Мать в третий раз положила в миску ароматных, со свежим творогом, выкупанных в масле вареников и здесь же рядом поставила другую миску со сметаной.
Чтобы не томить мать, которая вдруг опечалилась оттого, что её сын болен, Григорий вышел из-за стола, снял рубашку и попросил посмотреть "ушибленное" место. Скособочившись, будто у него и правда болело, он показал на правое плечо и начал рассказывать, как во время работы в шахте его ушибла каменная глыба, как он долго после того отлёживался, лечился. Плечо и правда было немного поцарапано, но очень давно. Григорий об этом знал, поцарапано оно было не в шахте. Балуясь около общежития с товарищами, он нечаянно задел плечом о штакетник.
— След есть, — вздохнула мать, внимательно осмотрев ушибленное место. — Но уже будто и зажило.
— А в середине болит, — сказал Григорий. — Бок тоже болит. — И он снова начал рассказывать о каменной глыбе, хотя мать и не допытывалась, что это за глыба такая в шахте, обдирающая бока.
От радости, что так хорошо обошлось с возвращением домой, Григорий отдал матери все деньги, которые у него были, оставив себе только на мелкие расходы. С мыслью, что всё идёт как нельзя лучше, он и заснул в своей постели, под крышей родного дома.
Утром сквозь дремоту Григорий слышал, как переговаривались мать и сестра, как кто-то посторонний заходил в избу, наверное соседи, спрашивали о его здоровье. Потом стало тихо. Когда Григорий окончательно проснулся, в избе всё ещё было темно.
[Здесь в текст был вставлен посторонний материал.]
(* Let $\{X_t\}_{t\in\mathbb N^+}$ be a real-valued process adapted to a filtration $\{\mathcal F_t\}_{t\in\mathbb N}$ with $\mathcal F_0$ trivial, such that for all $t\in\mathbb N^+$, $\mathbb E[X_t\mid\mathcal F_{t-1}]=\mu$ (a constant) and $\mathbb E[(X_t-\mu)^2\mid\mathcal F_{t-1}]\le\sigma^2$. Let $\alpha\in(0,1)$, let $\phi$ be a Catoni-type influence function, and let $\{\lambda_t\}_{t\in\mathbb N^+}$ be nonrandom positive numbers. Define $$\mathrm{CI}^{\mathsf C}_t=\left\{m\in\mathbb R:\ -\frac{\sigma^2\sum_{i=1}^t\lambda_i^2}{2}-\log(2/\alpha)\le\sum_{i=1}^t\phi(\lambda_i(X_i-m))\le\frac{\sigma^2\sum_{i=1}^t\lambda_i^2}{2}+\log(2/\alpha)\right\},$$ and let $|\mathrm{CI}^{\mathsf C}_t|$ denote its width (supremum minus infimum). Let $0<\varepsilon<1$ and $t\in\mathbb N^+$ be such that $$\left(\sum_{i=1}^t\lambda_i\right)^2-2\left(\sum_{i=1}^t\lambda_i^2\right)\left(\sigma^2\sum_{i=1}^t\lambda_i^2+\log(2/\varepsilon)+\log(2/\alpha)\right)\ge0.$$ Then, with probability at least $1-\varepsilon$, $$|\mathrm{CI}^{\mathsf C}_t|\le\frac{4\left(\sigma^2\sum_{i=1}^t\lambda_i^2+\log(2/\varepsilon)+\log(2/\alpha)\right)}{\sum_{i=1}^t\lambda_i}.$$
   Context: A function $\phi:\mathbb R\to\mathbb R$ is a Catoni-type influence function if it is increasing and $-\log(1-x+x^2/2)\le\phi(x)\le\log(1+x+x^2/2)$ for all $x\in\mathbb R$. *)

theory Defs
  imports "HOL-Probability.Probability"
begin

definition catoni_type :: "(real \<Rightarrow> real) \<Rightarrow> bool" where
  "catoni_type \<phi> \<longleftrightarrow> mono \<phi> \<and>
     (\<forall>x. - ln (1 - x + x\<^sup>2 / 2) \<le> \<phi> x \<and> \<phi> x \<le> ln (1 + x + x\<^sup>2 / 2))"

definition catoni_CI ::
  "(real \<Rightarrow> real) \<Rightarrow> (nat \<Rightarrow> real) \<Rightarrow> real \<Rightarrow> real \<Rightarrow> (nat \<Rightarrow> 'a \<Rightarrow> real) \<Rightarrow> nat \<Rightarrow> 'a \<Rightarrow> real set"
  where
  "catoni_CI \<phi> lam \<sigma> \<alpha> X t \<omega> =
     {m. - (\<sigma>\<^sup>2 * (\<Sum>i=1..t. (lam i)\<^sup>2)) / 2 - ln (2 / \<alpha>)
            \<le> (\<Sum>i=1..t. \<phi> (lam i * (X i \<omega> - m))) \<and>
         (\<Sum>i=1..t. \<phi> (lam i * (X i \<omega> - m)))
            \<le> (\<sigma>\<^sup>2 * (\<Sum>i=1..t. (lam i)\<^sup>2)) / 2 + ln (2 / \<alpha>)}"

definition set_width :: "real set \<Rightarrow> real" where
  "set_width S = (if S = {} then 0 else Sup S - Inf S)"

end

theory Submission
  imports Defs
begin

text \<open>For \<open>s = \<plusminus>1\<close> the Catoni bounds give \<open>exp (s \<phi> x) \<le> 1 + s x + x\<^sup>2/2\<close>. Conditioning on
  \<open>F (n - 1)\<close>, the conditional mean and variance bounds turn this into
  \<open>E exp (s \<Sigma> \<phi> (\<lambda>\<^sub>i (X\<^sub>i - m))) \<le> exp (s (\<mu> - m) A + ((\<mu> - m)\<^sup>2 + \<sigma>\<^sup>2) B / 2)\<close> with
  \<open>A = \<Sigma> \<lambda>\<^sub>i\<close>, \<open>B = \<Sigma> \<lambda>\<^sub>i\<^sup>2\<close>, and Chernoff's inequality bounds the tails at \<open>\<epsilon>/2\<close>.
  The hypothesis on the discriminant says precisely that \<open>B \<delta>\<^sup>2/2 - A \<delta> + c = 0\<close>, where
  \<open>c = \<sigma>\<^sup>2 B + ln (2/\<epsilon>) + ln (2/\<alpha>)\<close>, has a root; for its smaller root \<open>\<delta> \<le> 2c/A\<close> the
  Chernoff thresholds at \<open>m = \<mu> \<plusminus> \<delta>\<close> coincide with the boundaries of the confidence set.
  Off an event of probability \<open>\<epsilon>\<close>, monotonicity of \<open>\<phi>\<close> therefore confines the confidence set
  to \<open>(\<mu> - \<delta>, \<mu> + \<delta>)\<close>, whose width is \<open>2\<delta> \<le> 4c/A\<close>.\<close>

lemma borel_measurable_catoni_type:
  assumes "catoni_type \<phi>"
  shows "\<phi> \<in> borel_measurable borel"
  using assms unfolding catoni_type_def by (auto intro: borel_measurable_mono)

lemma exp_catoni_type_le:
  assumes "catoni_type \<phi>" and "s \<in> {-1, 1}"
  shows "exp (s * \<phi> x) \<le> 1 + s * x + x\<^sup>2 / 2"
proof -
  have "1 + s * x + x\<^sup>2 / 2 = ((1 + s * x)\<^sup>2 + 1) / 2"
    using assms(2) by (auto simp: power2_eq_square field_simps)
  moreover have "0 < ((1 + s * x)\<^sup>2 + 1) / 2"
    by (simp add: add_nonneg_pos)
  ultimately have pos: "0 < 1 + s * x + x\<^sup>2 / 2"
    by simp
  have "- ln (1 - x + x\<^sup>2 / 2) \<le> \<phi> x" and "\<phi> x \<le> ln (1 + x + x\<^sup>2 / 2)"
    using assms(1) unfolding catoni_type_def by blast+
  then have "s * \<phi> x \<le> ln (1 + s * x + x\<^sup>2 / 2)"
    using assms(2) by auto
  then show ?thesis
    using pos by (simp add: ln_ge_iff)
qed

lemma catoni_sum_antimono:
  assumes "catoni_type \<phi>" and "\<forall>i\<in>I. 0 < lam i" and "m \<le> m'"
  shows "(\<Sum>i\<in>I. \<phi> (lam i * (x i - m'))) \<le> (\<Sum>i\<in>I. \<phi> (lam i * (x i - m)))"
proof (rule sum_mono)
  fix i assume "i \<in> I"
  then have "lam i * (x i - m') \<le> lam i * (x i - m)"
    using assms(2,3) by (simp add: mult_left_mono)
  then show "\<phi> (lam i * (x i - m')) \<le> \<phi> (lam i * (x i - m))"
    using assms(1) unfolding catoni_type_def mono_def by blast
qed

lemma catoni_CI_subset:
  assumes "catoni_type \<phi>" and "\<And>i. 1 \<le> i \<Longrightarrow> 0 < lam i"
    and hi: "(\<Sum>i=1..t. \<phi> (lam i * (X i \<omega> - hi)))
              < - (\<sigma>\<^sup>2 * (\<Sum>i=1..t. (lam i)\<^sup>2)) / 2 - ln (2 / \<alpha>)"
    and lo: "(\<sigma>\<^sup>2 * (\<Sum>i=1..t. (lam i)\<^sup>2)) / 2 + ln (2 / \<alpha>)
              < (\<Sum>i=1..t. \<phi> (lam i * (X i \<omega> - lo)))"
  shows "catoni_CI \<phi> lam \<sigma> \<alpha> X t \<omega> \<subseteq> {lo<..<hi}"
proof
  fix m assume m: "m \<in> catoni_CI \<phi> lam \<sigma> \<alpha> X t \<omega>"
  have lam: "\<forall>i\<in>{1..t}. 0 < lam i"
    using assms(2) by simp
  have "\<not> hi \<le> m"
  proof
    assume "hi \<le> m"
    then have "(\<Sum>i=1..t. \<phi> (lam i * (X i \<omega> - m))) \<le> (\<Sum>i=1..t. \<phi> (lam i * (X i \<omega> - hi)))"
      by (rule catoni_sum_antimono[OF assms(1) lam])
    with hi m show False
      unfolding catoni_CI_def by simp
  qed
  moreover have "\<not> m \<le> lo"
  proof
    assume "m \<le> lo"
    then have "(\<Sum>i=1..t. \<phi> (lam i * (X i \<omega> - lo))) \<le> (\<Sum>i=1..t. \<phi> (lam i * (X i \<omega> - m)))"
      by (rule catoni_sum_antimono[OF assms(1) lam])
    with lo m show False
      unfolding catoni_CI_def by simp
  qed
  ultimately show "m \<in> {lo<..<hi}"
    by simp
qed

lemma set_width_le:
  fixes S :: "real set"
  assumes "S \<subseteq> {a..b}" and "a \<le> b"
  shows "set_width S \<le> b - a"
proof (cases "S = {}")
  case False
  then have "Sup S \<le> b" and "a \<le> Inf S"
    using assms(1) by (auto intro!: cSup_least cInf_greatest)
  then show ?thesis
    using False unfolding set_width_def by simp
qed (use assms(2) in \<open>simp add: set_width_def\<close>)

lemma quadratic_small_root:
  fixes A B c :: real
  assumes "0 < A" and "0 < B" and "0 \<le> c" and "2 * B * c \<le> A\<^sup>2"
  obtains \<delta> where "0 \<le> \<delta>" and "B * \<delta>\<^sup>2 / 2 - A * \<delta> + c = 0" and "\<delta> \<le> 2 * c / A"
proof
  define r where "r = sqrt (A\<^sup>2 - 2 * B * c)"
  define \<delta> where "\<delta> = (A - r) / B"
  have r: "0 \<le> r" "r\<^sup>2 = A\<^sup>2 - 2 * B * c"
    using assms(4) unfolding r_def by simp_all
  have B\<delta>: "B * \<delta> = A - r"
    using assms(2) unfolding \<delta>_def by simp
  have \<delta>_sum: "\<delta> * (A + r) = 2 * c"
  proof -
    have "B * (\<delta> * (A + r)) = (A - r) * (A + r)"
      using B\<delta> by simp
    also have "\<dots> = B * (2 * c)"
      using r(2) by (simp add: algebra_simps power2_eq_square)
    finally have "B * (\<delta> * (A + r)) = B * (2 * c)" .
    then show ?thesis
      using assms(2) by simp
  qed
  have "0 < A + r"
    using assms(1) r(1) by simp
  then have \<delta>_eq: "\<delta> = 2 * c / (A + r)"
    using \<delta>_sum by (simp add: field_simps)
  show "0 \<le> \<delta>"
    unfolding \<delta>_eq using \<open>0 < A + r\<close> assms(3) by simp
  show "\<delta> \<le> 2 * c / A"
    unfolding \<delta>_eq using assms(1,3) r(1) by (intro divide_left_mono) auto
  have "2 * B * (B * \<delta>\<^sup>2 / 2 - A * \<delta> + c) = (B * \<delta>)\<^sup>2 - 2 * A * (B * \<delta>) + 2 * B * c"
    by (simp add: algebra_simps power2_eq_square)
  also have "\<dots> = (A - r)\<^sup>2 - 2 * A * (A - r) + (A\<^sup>2 - r\<^sup>2)"
    using B\<delta> r(2) by simp
  also have "\<dots> = 0"
    by (simp add: algebra_simps power2_eq_square)
  finally show "B * \<delta>\<^sup>2 / 2 - A * \<delta> + c = 0"
    using assms(2) by simp
qed

context sigma_finite_subalgebra
begin

lemma nn_cond_exp_eq_real_cond_exp:
  assumes "integrable M f" and "\<And>x. 0 \<le> f x"
  shows "AE x in M. nn_cond_exp M F (\<lambda>x. ennreal (f x)) x = ennreal (real_cond_exp M F f x)"
proof -
  have [measurable]: "f \<in> borel_measurable M"
    using assms(1) by auto
  have "(\<lambda>x. ennreal (- f x)) = (\<lambda>x. 0)"
    using assms(2) by (simp add: ennreal_neg)
  moreover have "AE x in M. 0 = nn_cond_exp M F (\<lambda>x. 0) x"
    by (rule nn_cond_exp_F_meas) auto
  ultimately have neg: "AE x in M. nn_cond_exp M F (\<lambda>x. ennreal (- f x)) x = 0"
    by auto
  have "(\<integral>\<^sup>+ x. nn_cond_exp M F (\<lambda>x. ennreal (f x)) x \<partial>M) = (\<integral>\<^sup>+ x. ennreal (f x) \<partial>M)"
    using nn_cond_exp_intg[of "\<lambda>_. 1" "\<lambda>x. ennreal (f x)"] by simp
  also have "\<dots> < \<infinity>"
    using assms by (simp add: integrable_iff_bounded)
  finally have "AE x in M. nn_cond_exp M F (\<lambda>x. ennreal (f x)) x \<noteq> \<infinity>"
    by (intro nn_integral_PInf_AE) auto
  with neg show ?thesis
    by eventually_elim (auto simp: real_cond_exp_def less_top)
qed

end

context finite_measure_subalgebra
begin

lemma integrable_of_nn_cond_exp_le:
  assumes [measurable]: "f \<in> borel_measurable M" and "\<And>x. 0 \<le> f x"
    and "AE x in M. nn_cond_exp M F (\<lambda>x. ennreal (f x)) x \<le> ennreal c"
  shows "integrable M f"
proof (rule integrableI_nonneg)
  have "(\<integral>\<^sup>+ x. ennreal (f x) \<partial>M) = (\<integral>\<^sup>+ x. nn_cond_exp M F (\<lambda>x. ennreal (f x)) x \<partial>M)"
    using nn_cond_exp_intg[of "\<lambda>_. 1" "\<lambda>x. ennreal (f x)"] by simp
  also have "\<dots> \<le> (\<integral>\<^sup>+ x. ennreal c \<partial>M)"
    by (rule nn_integral_mono_AE) (use assms(3) in simp)
  also have "\<dots> < \<infinity>"
    using emeasure_finite[of "space M"] by (simp add: ennreal_mult_eq_top_iff less_top[symmetric])
  finally show "(\<integral>\<^sup>+ x. ennreal (f x) \<partial>M) < \<infinity>" .
qed (use assms in auto)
Он догадался — завешены окна. Подхватился, сорвал плотную материю, отворил рамы и выглянул: солнце поднялось уже высоко, шёл, наверное, девятый, а может быть, и десятый час.
"На утренний наряд опоздал, — пришло в голову шутливое. — Ребята из уступов, наверное, уже не одного "коня" выгнали. А вот и мне "пай выделили", — и Григорий с удовольствием окинул взглядом на столе целую гору пирожков, жареную, с румяным отливом курицу, кольцо надрезанной колбасы, свежие и малосольные огурцы, помидоры, а на другом конце стола — полную миску мёда в окружении яблок, груш и слив.